In [1]:
import os
import time 
import pickle

import numpy as np
from copy import deepcopy

import matplotlib.pyplot as plt
import plotly.graph_objects as go
from plotly.subplots import make_subplots
import plotly.io as pio
pio.templates.default = "plotly_white"

In [2]:
# Root of Project
ROOT = '/home/dev/ws_percept/src'

# Cameras
IMAGE_SIZE  = 240
CAMERAS = ['cam1', 'cam2', 'cam3']

# Scene
# [x_min, y_min, z_min, x_max, y_max, z_max] - the metric volume to be voxelized
SCENE_BOUNDS    = (-1.5, -1.5, -1.5, 1.50, 1.5, 1.5)

# Agents
AGENTS = ['panda0', 'panda1']

SHOW_CPH_VIZ = False

In [3]:
# load data
DATASET_PATH = '../outputs/dualarms_3cam/dualarms_3cam_with_fk.pkl'
with open(DATASET_PATH, 'rb') as f:
    _obs = pickle.load(f)

## Setup PCD, Mesh

In [4]:
def constrain_scene_bounds(data):
    global SCENE_BOUNDS

    nX, nY, nZ, X, Y, Z = SCENE_BOUNDS

    X_mask = (data[:,0] > nX) & (data[:,0]<X)
    Y_mask = (data[:,1] > nY) & (data[:,1]<Y)
    Z_mask = (data[:,2] > nZ) & (data[:,2]<Z)
    mask = (X_mask)&(Y_mask)&(Z_mask) 

    return data[mask]

def get_pcd_and_rgb(camera_obs:dict):
    pcd = camera_obs['pointcloud'].reshape(-2,3)
    rgb = camera_obs['rgb'].reshape(-2,3)
    return pcd, rgb

def get_pcd(camera_obs:dict):
    pcd = camera_obs['pointcloud'].reshape(-2,3)
    return pcd


obs = _obs[-1]
camera_obs = obs[CAMERAS[0]]
pcd, rgb = get_pcd_and_rgb(camera_obs)

In [5]:
from scipy.spatial.transform import Rotation as R
import cupoch as cph

ROBOT_URDF_PATH = 'outputs/testdata/franka_panda_cupoch/panda.urdf'
URDF_JOINT_PREFIX = 'panda_joint'

path = os.path.join(ROOT, ROBOT_URDF_PATH)
kin = cph.kinematics.KinematicChain(path)


def get_tf_matrix(
    translation:np.array,
    rotation:np.array, 
) -> np.array:

    r = R.from_rotvec(rotation)
    r = r.as_matrix()

    tf = np.eye(4)
    tf[:3,:3] = r
    tf[:3,3] = translation

    return tf

def manually_offset_base(ref:np.array, translation_offset) -> np.array:
    offset = np.eye(4)
    offset[:3, 3] = translation_offset
    return np.dot(ref, offset)

def get_mesh_using_forward_kinematics(
    joints_positions:np.array,
    global_position:np.array,
    global_rotation:np.array
):
    global URDF_JOINT_PREFIX

    # create joint_map, used for fk on urdf model
    joint_map = {'%s%d' % (URDF_JOINT_PREFIX, i+1): val for i, val \
                in enumerate(joints_positions)} 

    # create transformation matrix
    tf_matrix = get_tf_matrix(global_position, global_rotation)

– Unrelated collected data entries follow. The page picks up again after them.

section \<open>Kluyver's formula for Ramanujan sums\<close>

lemma sum_powers_roots_of_unity:
  assumes s: "s > 0"
  shows "(\<Sum>i=1..s. cis (2 * pi * real i / real s) ^ n) = (if s dvd n then of_nat s else 0)"
proof -
  define w where "w = cis (2 * pi * real n / real s)"
  have powers: "cis (2 * pi * real i / real s) ^ n = w ^ i" for i
    unfolding w_def by (simp add: Complex.DeMoivre field_simps)
  have "w ^ s = cis (real s * (2 * pi * real n / real s))"
    unfolding w_def by (rule Complex.DeMoivre)
  also have "\<dots> = cis (2 * pi * real n)" using s by simp
  finally have ws: "w ^ s = 1" by simp
  show ?thesis
  proof (cases "s dvd n")
    case True
    then obtain q where "n = s * q" by auto
    then have "w = 1" using s cis_multiple_2pi[of "real q"] by (simp add: w_def mult_ac)
    then show ?thesis using True by (simp add: powers)
  next
    case False
    have "w = exp (2 * of_real pi * \<i> * of_nat n / of_nat s)"
      by (simp add: w_def cis_conv_exp mult_ac)
    then have "w \<noteq> 1" using complex_root_unity_eq_1[of s n] s False by simp
    have "(\<Sum>i=1..s. cis (2 * pi * real i / real s) ^ n) = (\<Sum>i<s. w ^ Suc i)"
      unfolding powers One_nat_def by (rule sum.atLeast1_atMost_eq)
    also have "\<dots> = w * ((w ^ s - 1) / (w - 1))"
      using \<open>w \<noteq> 1\<close> by (simp add: geometric_sum flip: sum_distrib_left)
    finally show ?thesis using ws False by simp
  qed
qed

text \<open>The \<open>k \<le> r\<close> divisible by \<open>d\<close> are the \<open>d*i\<close> with \<open>i \<le> s = r/d\<close>, and
  \<open>k/r = i/s\<close>: the \<open>r\<close>-th roots of unity with such exponents are the \<open>s\<close>-th roots of unity.\<close>

lemma sum_powers_over_multiples:
  assumes rs: "r = d * s" and d: "d > 0" and s: "s > 0"
  shows "(\<Sum>k | k \<in> {1..r} \<and> d dvd k. cis (2 * pi * real k / real r) ^ n)
       = (\<Sum>i=1..s. cis (2 * pi * real i / real s) ^ n)"
proof (rule sym, rule sum.reindex_bij_witness[where i="\<lambda>k. k div d" and j="\<lambda>i. d * i"])
  show "cis (2 * pi * real (d * i) / real r) ^ n = cis (2 * pi * real i / real s) ^ n" for i
    using rs d by (simp add: field_simps)
qed (use rs d in \<open>auto elim!: dvdE\<close>)

text \<open>Expanding the coprimality condition by Moebius inversion and interchanging sums.\<close>

lemma ramanujan_sum_moebius:
  assumes r: "r > 0"
  shows "ramanujan_sum r n
       = (\<Sum>d | d dvd r. of_real (moebius d) * (if (r div d) dvd n then of_nat (r div d) else 0))"
proof -
  define w where "w k = cis (2 * pi * real k / real r) ^ n" for k
  have "ramanujan_sum r n = (\<Sum>k\<in>{1..r}. if coprime k r then w k else 0)"
    unfolding ramanujan_sum_def w_def by (rule sum.inter_filter) simp
  also have "\<dots> = (\<Sum>k\<in>{1..r}. \<Sum>d | d dvd r. if d dvd k then of_real (moebius d) * w k else 0)"
  proof (rule sum.cong[OF refl])
    fix k
    have "(if coprime k r then w k else 0)
        = of_real (\<Sum>d | d dvd r. if d dvd k then moebius d else 0) * w k"
      by (simp add: coprime_indicator_moebius[OF r])
    also have "\<dots> = (\<Sum>d | d dvd r. if d dvd k then of_real (moebius d) * w k else 0)"
      unfolding of_real_sum sum_distrib_right by (intro sum.cong) auto
    finally show "(if coprime k r then w k else 0) = \<dots>" .
  qed
  also have "\<dots> = (\<Sum>d | d dvd r. of_real (moebius d) * (\<Sum>k | k \<in> {1..r} \<and> d dvd k. w k))"
    by (subst sum.swap) (simp add: sum.inter_filter[symmetric] sum_distrib_left)
  also have "\<dots> = (\<Sum>d | d dvd r. of_real (moebius d) * (if (r div d) dvd n then of_nat (r div d) else 0))"
  proof (rule sum.cong[OF refl])
    fix d assume "d \<in> {d. d dvd r}"
    then obtain s where rs: "r = d * s" by auto
    then have "d > 0" "s > 0" "r div d = s" using r by auto
    then show "of_real (moebius d) * (\<Sum>k | k \<in> {1..r} \<and> d dvd k. w k)
        = of_real (moebius d) * (if (r div d) dvd n then of_nat (r div d) else 0)"
      unfolding w_def using sum_powers_over_multiples[OF rs] sum_powers_roots_of_unity by simp
  qed
  finally show ?thesis .
qed

lemma divisor_sum_complement:
  assumes "r > (0::nat)"
  shows "(\<Sum>d | d dvd r. f d) = (\<Sum>e | e dvd r. f (r div e))"
  by (rule sum.reindex_bij_witness[where i="\<lambda>d. r div d" and j="\<lambda>d. r div d"])
     (use assms in \<open>auto elim!: dvdE\<close>)

lemma ramanujan_sum_kluyver:
  assumes r: "r > 0" and n: "n > 0"
  shows "ramanujan_sum r n
       = of_real (\<Sum>e | e dvd n. if e dvd r then real e * moebius (r div e) else 0)"
proof -
  have "ramanujan_sum r n
      = (\<Sum>e | e dvd r. of_real (moebius (r div e)) * (if e dvd n then of_nat e else 0))"
    unfolding ramanujan_sum_moebius[OF r]
    by (subst divisor_sum_complement[OF r]) (intro sum.cong refl, use r in \<open>auto elim!: dvdE\<close>)
  also have "\<dots> = of_real (\<Sum>e | e dvd r \<and> e dvd n. real e * moebius (r div e))"
    using r by (simp add: of_real_sum sum.inter_filter[symmetric] finite_divisors_nat
        Collect_conj_eq if_distrib mult.commute cong: if_cong)
  also have "(\<Sum>e | e dvd r \<and> e dvd n. real e * moebius (r div e))
      = (\<Sum>e | e dvd n. if e dvd r then real e * moebius (r div e) else 0)"
    using n by (simp add: sum.inter_filter[symmetric] finite_divisors_nat conj_commute)
  finally show ?thesis .
qed

section \<open>Summation of the series\<close>

text \<open>Substituting \<open>d = n/e\<close> in the definition of \<open>\<beta>\<close>.\<close>

lemma beta_div_eq:
  assumes n: "n > 0"
  shows "beta n / real n = (\<Sum>e | e dvd n. liouville e / real e)"
proof -
  have "beta n = (\<Sum>e | e dvd n. real (n div e) * liouville (n div (n div e)))"
    unfolding beta_def by (rule divisor_sum_complement[OF n])
  also have "\<dots> = real n * (\<Sum>e | e dvd n. liouville e / real e)"
    unfolding sum_distrib_left using n by (intro sum.cong refl) (auto elim!: dvdE)
  finally show ?thesis using n by simp
qed

lemma has_sum_finite_family:
  fixes f :: "'i \<Rightarrow> 'a \<Rightarrow> 'b::topological_comm_monoid_add"
  assumes "finite I" "\<And>i. i \<in> I \<Longrightarrow> (f i has_sum s i) A"
  shows "((\<lambda>x. \<Sum>i\<in>I. f i x) has_sum (\<Sum>i\<in>I. s i)) A"
  using assms by (induction I rule: finite_induct) (auto intro!: has_sum_add)

text \<open>By Kluyver's formula, the \<open>r\<close>-th term of the series is the sum over \<open>e | n\<close> of the
  following contributions.\<close>

definition series_part :: "nat \<Rightarrow> nat \<Rightarrow> real" where
  "series_part e r =
     (if e dvd r then liouville r / real r ^ 2 * (real e * moebius (r div e)) else 0)"

lemma liouville_ramanujan_term:
  assumes "r > 0" "n > 0"
  shows "complex_of_real (liouville r / real r ^ 2) * ramanujan_sum r n
       = of_real (\<Sum>e | e dvd n. series_part e r)"
  unfolding ramanujan_sum_kluyver[OF assms] series_part_def
  by (simp flip: of_real_mult add: sum_distrib_left if_distrib cong: if_cong)

text \<open>Along \<open>r = e*m\<close> the contribution of \<open>e\<close> factors, because \<open>\<lambda>(m) \<mu>(m)\<close> is the indicator
  of the squarefree numbers.\<close>

lemma series_part_mult:
  assumes e: "e > 0"
  shows "series_part e (e * m) = liouville e / real e * (if squarefree m then 1 / real m ^ 2 else 0)"
proof (cases "m = 0")
  case False
  have "series_part e (e * m)
      = liouville e / real e * ((liouville m * moebius m) / real m ^ 2)"
    using e False
    by (simp add: series_part_def liouville_mult field_simps power2_eq_square)
  also have "liouville m * moebius m = (if squarefree m then 1 else 0)"
    by (simp add: moebius_def liouville_square)
  finally show ?thesis by simp
qed (simp add: series_part_def)

lemma series_part_has_sum:
  assumes e: "e > 0"
  shows "(series_part e has_sum (liouville e / real e * (15 / pi^2))) UNIV"
proof -
  have sqf: "((\<lambda>m. if squarefree m then 1 / real m ^ 2 else 0) has_sum (15 / pi^2)) UNIV"
    using inverse_squares_squarefree_has_sum
    by (subst has_sum_cong_neutral[where T="{m. squarefree m}" and g="\<lambda>m. 1 / real m ^ 2"]) auto
  have "(series_part e has_sum (liouville e / real e * (15 / pi^2))) UNIV \<longleftrightarrow>
        (series_part e has_sum (liouville e / real e * (15 / pi^2))) (range (\<lambda>m. e * m))"
    by (rule has_sum_cong_neutral) (auto simp: series_part_def)
  also have "\<dots> \<longleftrightarrow> ((series_part e \<circ> (\<lambda>m. e * m)) has_sum (liouville e / real e * (15 / pi^2))) UNIV"
    by (rule has_sum_reindex) (use e in \<open>auto simp: inj_on_def\<close>)
  finally show ?thesis
    using has_sum_cmult_right[OF sqf, of "liouville e / real e"]
    by (simp add: comp_def series_part_mult[OF e])
qed

lemma liouville_ramanujan_has_sum:
  assumes n: "n > 0"
  shows "((\<lambda>r. \<Sum>e | e dvd n. series_part e r)
           has_sum (15 / pi^2 * (\<Sum>e | e dvd n. liouville e / real e))) UNIV"
proof -
  have "((\<lambda>r. \<Sum>e | e dvd n. series_part e r)
          has_sum (\<Sum>e | e dvd n. liouville e / real e * (15 / pi^2))) UNIV"
    using n by (intro has_sum_finite_family series_part_has_sum)
               (auto simp: finite_divisors_nat intro: dvd_pos_nat)
  then show ?thesis by (simp add: sum_distrib_left mult.commute)
qed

    # manual offset, to be removed 
    offset = np.array([0.04, 0.0, -0.068])
    tf_matrix = manually_offset_base(tf_matrix, offset)
    
    # do forward kinematics
    poses = kin.forward_kinematics(joint_map, tf_matrix)
    
    # store mesh geometries
    meshes = kin.get_transformed_visual_geometry_map(poses)
    
    return list(meshes.values())

Failed to load material file(s). Use default material.
material [ 'DefaultMaterial' ] not found in .mtl

Failed to load material file(s). Use default material.
material [ 'DefaultMaterial' ] not found in .mtl

Failed to load material file(s). Use default material.
material [ 'DefaultMaterial' ] not found in .mtl

Failed to load material file(s). Use default material.
material [ 'DefaultMaterial' ] not found in .mtl

Failed to load material file(s). Use default material.
material [ 'DefaultMaterial' ] not found in .mtl

Failed to load material file(s). Use default material.
material [ 'DefaultMaterial' ] not found in .mtl

Failed to load material file(s). Use default material.
material [ 'DefaultMaterial' ] not found in .mtl

Failed to load material file(s). Use default material.
material [ 'DefaultMaterial' ] not found in .mtl

Failed to load material file(s). Use default material.
material [ 'DefaultMaterial' ] not found in .mtl

Failed to load material file(s). Use default material.


## PCR

In [6]:
def get_pcds_for_registration(obs):
    global CAMERAS

    pcds = list()
    for CAMERA in CAMERAS:
        camera_obs = obs[CAMERA]
        pcd, rgb = get_pcd_and_rgb(camera_obs)
        pcd = constrain_scene_bounds(pcd)
        pcds.append(pcd)

    return pcds

pcds = get_pcds_for_registration(obs)

In [7]:
def do_point_cloud_registration(pcds):
    assert len(pcds) > 1
    def register(
        source_gpu:cph.geometry.PointCloud, 
        target_gpu:cph.geometry.PointCloud,
    ) -> cph.geometry.PointCloud:

        threshold = 0.02 # what does this do?
        trans_init = np.asarray([[1.0, 0.0, 0.0, 0.0], [0.0, 1.0, 0.0, 0.0],
                                [0.0, 0.0, 1.0, 0.0], [0.0, 0.0, 0.0, 1.0]])

        # register pointclouds
        start = time.time()
        reg_p2p = cph.registration.registration_icp(
            source_gpu,
            target_gpu,
            threshold,
            trans_init.astype(np.float32),
            cph.registration.TransformationEstimationPointToPlane(),
        )

        source_gpu.transform(reg_p2p.transformation)

        # remove outliers
        NEIGHBOURS = 2
        source_gpu, ind = source_gpu.remove_statistical_outlier(nb_neighbors=NEIGHBOURS, std_ratio=2.0)
        target_gpu, ind = target_gpu.remove_statistical_outlier(nb_neighbors=NEIGHBOURS, std_ratio=2.0)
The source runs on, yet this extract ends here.